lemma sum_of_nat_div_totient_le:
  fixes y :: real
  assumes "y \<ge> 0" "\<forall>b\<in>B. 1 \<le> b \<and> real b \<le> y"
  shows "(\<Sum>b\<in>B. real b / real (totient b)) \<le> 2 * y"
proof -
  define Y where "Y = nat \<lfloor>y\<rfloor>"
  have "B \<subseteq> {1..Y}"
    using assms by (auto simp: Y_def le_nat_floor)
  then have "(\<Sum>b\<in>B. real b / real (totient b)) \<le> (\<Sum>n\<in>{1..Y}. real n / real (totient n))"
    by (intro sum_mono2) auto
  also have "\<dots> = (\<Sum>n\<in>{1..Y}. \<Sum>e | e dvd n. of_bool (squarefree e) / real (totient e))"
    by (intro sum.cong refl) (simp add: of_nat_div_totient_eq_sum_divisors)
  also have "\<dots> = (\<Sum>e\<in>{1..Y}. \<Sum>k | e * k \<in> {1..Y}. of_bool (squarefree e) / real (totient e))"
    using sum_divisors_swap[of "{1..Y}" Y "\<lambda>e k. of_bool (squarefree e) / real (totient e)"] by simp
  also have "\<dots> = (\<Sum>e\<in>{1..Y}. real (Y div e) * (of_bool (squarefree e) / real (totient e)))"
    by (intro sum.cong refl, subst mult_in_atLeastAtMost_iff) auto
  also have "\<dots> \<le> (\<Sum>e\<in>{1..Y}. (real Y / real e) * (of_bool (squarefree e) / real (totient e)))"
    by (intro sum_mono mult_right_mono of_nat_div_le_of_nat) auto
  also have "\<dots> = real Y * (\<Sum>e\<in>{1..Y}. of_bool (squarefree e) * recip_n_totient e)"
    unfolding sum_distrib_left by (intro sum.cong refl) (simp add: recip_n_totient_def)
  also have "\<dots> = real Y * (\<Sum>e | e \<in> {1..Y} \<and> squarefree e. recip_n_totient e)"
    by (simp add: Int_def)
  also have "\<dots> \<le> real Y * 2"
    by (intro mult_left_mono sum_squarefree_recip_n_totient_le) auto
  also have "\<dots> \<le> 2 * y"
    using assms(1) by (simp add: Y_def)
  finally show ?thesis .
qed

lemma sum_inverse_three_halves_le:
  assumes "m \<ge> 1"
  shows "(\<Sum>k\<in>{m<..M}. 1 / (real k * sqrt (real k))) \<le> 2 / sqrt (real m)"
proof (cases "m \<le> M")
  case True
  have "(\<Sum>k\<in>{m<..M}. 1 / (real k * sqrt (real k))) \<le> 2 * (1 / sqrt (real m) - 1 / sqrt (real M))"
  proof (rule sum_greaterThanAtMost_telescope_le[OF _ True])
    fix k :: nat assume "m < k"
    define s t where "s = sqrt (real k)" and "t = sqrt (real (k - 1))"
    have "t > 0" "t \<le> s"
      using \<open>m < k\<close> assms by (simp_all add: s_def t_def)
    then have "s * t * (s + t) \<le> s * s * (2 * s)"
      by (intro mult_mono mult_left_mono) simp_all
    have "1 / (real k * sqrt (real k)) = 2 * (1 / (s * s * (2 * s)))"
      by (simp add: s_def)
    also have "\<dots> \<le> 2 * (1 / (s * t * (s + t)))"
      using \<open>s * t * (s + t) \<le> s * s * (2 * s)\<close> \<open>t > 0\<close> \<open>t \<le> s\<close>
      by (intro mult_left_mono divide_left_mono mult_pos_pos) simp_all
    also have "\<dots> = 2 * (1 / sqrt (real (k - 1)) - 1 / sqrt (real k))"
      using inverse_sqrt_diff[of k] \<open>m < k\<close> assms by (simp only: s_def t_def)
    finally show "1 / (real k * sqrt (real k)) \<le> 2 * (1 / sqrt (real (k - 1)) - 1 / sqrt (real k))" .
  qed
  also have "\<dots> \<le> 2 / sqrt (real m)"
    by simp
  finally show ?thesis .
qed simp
- - - - - - -
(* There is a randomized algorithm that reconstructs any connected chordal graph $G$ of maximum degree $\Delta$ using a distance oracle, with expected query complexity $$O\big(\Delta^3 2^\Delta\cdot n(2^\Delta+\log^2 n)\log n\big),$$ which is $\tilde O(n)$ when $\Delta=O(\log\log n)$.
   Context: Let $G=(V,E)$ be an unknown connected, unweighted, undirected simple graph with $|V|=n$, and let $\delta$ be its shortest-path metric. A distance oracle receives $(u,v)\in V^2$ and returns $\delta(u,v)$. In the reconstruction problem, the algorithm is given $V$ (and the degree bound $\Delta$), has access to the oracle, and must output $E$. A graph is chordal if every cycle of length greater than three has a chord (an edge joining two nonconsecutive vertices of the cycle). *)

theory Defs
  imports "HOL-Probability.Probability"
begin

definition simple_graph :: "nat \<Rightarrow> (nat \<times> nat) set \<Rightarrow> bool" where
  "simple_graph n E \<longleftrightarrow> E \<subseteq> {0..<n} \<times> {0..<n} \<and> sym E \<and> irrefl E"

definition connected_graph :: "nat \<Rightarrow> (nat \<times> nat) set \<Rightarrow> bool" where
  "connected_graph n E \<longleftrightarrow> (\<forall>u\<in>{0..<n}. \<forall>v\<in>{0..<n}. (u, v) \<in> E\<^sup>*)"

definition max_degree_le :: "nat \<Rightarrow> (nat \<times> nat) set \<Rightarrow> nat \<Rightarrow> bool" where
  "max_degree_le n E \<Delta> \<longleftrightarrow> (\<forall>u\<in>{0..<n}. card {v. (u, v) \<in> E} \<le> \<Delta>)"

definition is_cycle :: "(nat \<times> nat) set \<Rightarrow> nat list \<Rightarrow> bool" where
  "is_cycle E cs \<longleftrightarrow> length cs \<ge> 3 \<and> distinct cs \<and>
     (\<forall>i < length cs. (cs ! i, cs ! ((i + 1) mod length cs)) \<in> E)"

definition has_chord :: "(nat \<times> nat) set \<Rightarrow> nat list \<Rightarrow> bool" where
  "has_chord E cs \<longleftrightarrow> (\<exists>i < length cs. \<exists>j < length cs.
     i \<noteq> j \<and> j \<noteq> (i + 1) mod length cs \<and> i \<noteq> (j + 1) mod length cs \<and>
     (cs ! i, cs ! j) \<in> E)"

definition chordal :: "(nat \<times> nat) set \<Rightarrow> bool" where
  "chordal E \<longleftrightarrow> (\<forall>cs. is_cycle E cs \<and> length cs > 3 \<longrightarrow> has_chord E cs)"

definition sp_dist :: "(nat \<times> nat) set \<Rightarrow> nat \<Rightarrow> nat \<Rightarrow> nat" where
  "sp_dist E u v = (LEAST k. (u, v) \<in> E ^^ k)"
- - - - - - -
Task prompt.
Within the material, find all lines that hold the word "auto" and show them.

Exercise solution.
    using assms by (auto simp: Y_def le_nat_floor)
    by (intro sum_mono2) auto
    by (intro sum.cong refl, subst mult_in_atLeastAtMost_iff) auto
    by (intro sum_mono mult_right_mono of_nat_div_le_of_nat) auto
    by (intro mult_left_mono sum_squarefree_recip_n_totient_le) auto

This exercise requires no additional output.